Records for this task:
==================================================
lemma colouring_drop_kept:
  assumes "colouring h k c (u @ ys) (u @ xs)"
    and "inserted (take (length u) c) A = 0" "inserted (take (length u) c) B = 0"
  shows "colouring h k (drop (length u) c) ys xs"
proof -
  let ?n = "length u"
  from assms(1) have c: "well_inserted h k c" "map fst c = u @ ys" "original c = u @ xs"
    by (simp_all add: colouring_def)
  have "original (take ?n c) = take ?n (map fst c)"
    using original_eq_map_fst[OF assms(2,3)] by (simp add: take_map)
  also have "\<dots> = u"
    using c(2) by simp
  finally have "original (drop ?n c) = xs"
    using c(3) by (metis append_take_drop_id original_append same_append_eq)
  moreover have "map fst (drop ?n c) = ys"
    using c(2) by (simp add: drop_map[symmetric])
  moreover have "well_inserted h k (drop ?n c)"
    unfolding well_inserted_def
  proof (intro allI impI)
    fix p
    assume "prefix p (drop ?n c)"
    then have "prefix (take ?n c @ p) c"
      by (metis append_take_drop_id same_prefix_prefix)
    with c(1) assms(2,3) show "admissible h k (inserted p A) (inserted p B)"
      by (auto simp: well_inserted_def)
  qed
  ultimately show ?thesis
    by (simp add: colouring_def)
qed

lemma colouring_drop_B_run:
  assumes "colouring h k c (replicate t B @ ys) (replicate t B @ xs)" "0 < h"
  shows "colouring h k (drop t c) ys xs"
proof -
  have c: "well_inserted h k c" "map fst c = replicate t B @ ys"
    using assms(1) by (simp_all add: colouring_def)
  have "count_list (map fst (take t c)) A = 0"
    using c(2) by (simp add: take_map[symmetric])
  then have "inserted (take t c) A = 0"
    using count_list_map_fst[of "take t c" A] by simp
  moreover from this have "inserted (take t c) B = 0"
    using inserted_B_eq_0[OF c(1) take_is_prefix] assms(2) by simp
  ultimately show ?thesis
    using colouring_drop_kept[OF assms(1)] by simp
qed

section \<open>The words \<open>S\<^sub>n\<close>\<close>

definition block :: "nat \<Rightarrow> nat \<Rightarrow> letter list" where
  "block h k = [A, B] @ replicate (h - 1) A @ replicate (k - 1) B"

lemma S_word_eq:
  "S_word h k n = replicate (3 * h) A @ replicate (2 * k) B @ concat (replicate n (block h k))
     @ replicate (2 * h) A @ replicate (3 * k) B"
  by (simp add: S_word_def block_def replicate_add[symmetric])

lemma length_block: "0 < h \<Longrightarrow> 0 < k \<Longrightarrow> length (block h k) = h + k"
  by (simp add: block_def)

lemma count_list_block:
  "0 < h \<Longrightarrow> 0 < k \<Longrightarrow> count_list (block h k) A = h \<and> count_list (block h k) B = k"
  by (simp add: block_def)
==================================================
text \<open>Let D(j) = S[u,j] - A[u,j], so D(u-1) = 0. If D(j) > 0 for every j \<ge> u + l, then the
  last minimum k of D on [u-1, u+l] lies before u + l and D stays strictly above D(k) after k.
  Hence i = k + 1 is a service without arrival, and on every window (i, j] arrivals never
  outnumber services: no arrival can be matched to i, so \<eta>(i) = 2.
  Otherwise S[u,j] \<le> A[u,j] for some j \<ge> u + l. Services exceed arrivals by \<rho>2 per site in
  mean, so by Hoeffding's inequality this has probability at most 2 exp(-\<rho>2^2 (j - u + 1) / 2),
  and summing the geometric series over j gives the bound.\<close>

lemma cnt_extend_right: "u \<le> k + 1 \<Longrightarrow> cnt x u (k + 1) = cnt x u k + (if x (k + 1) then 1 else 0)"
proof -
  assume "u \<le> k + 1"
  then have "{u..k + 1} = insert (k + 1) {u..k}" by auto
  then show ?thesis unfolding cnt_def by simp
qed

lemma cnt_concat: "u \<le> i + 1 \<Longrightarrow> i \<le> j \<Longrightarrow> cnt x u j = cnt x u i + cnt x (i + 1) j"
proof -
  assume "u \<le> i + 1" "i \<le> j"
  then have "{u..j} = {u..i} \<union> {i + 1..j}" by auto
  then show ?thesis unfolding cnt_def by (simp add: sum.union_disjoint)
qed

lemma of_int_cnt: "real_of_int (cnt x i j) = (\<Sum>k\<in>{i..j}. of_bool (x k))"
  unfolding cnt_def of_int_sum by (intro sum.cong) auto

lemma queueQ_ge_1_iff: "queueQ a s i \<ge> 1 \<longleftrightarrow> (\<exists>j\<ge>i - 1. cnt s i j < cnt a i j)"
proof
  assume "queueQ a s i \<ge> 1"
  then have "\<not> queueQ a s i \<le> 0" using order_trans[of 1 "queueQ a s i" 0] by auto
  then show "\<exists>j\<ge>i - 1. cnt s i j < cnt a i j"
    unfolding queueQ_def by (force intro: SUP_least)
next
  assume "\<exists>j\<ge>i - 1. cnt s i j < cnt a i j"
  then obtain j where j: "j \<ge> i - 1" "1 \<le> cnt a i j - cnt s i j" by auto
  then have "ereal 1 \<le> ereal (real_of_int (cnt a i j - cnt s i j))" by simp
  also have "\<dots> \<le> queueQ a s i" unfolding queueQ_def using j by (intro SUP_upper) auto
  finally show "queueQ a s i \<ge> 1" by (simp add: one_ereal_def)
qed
==================================================
In the entries above, how many lines hold the word "metis"? State the number only.

The answer: 2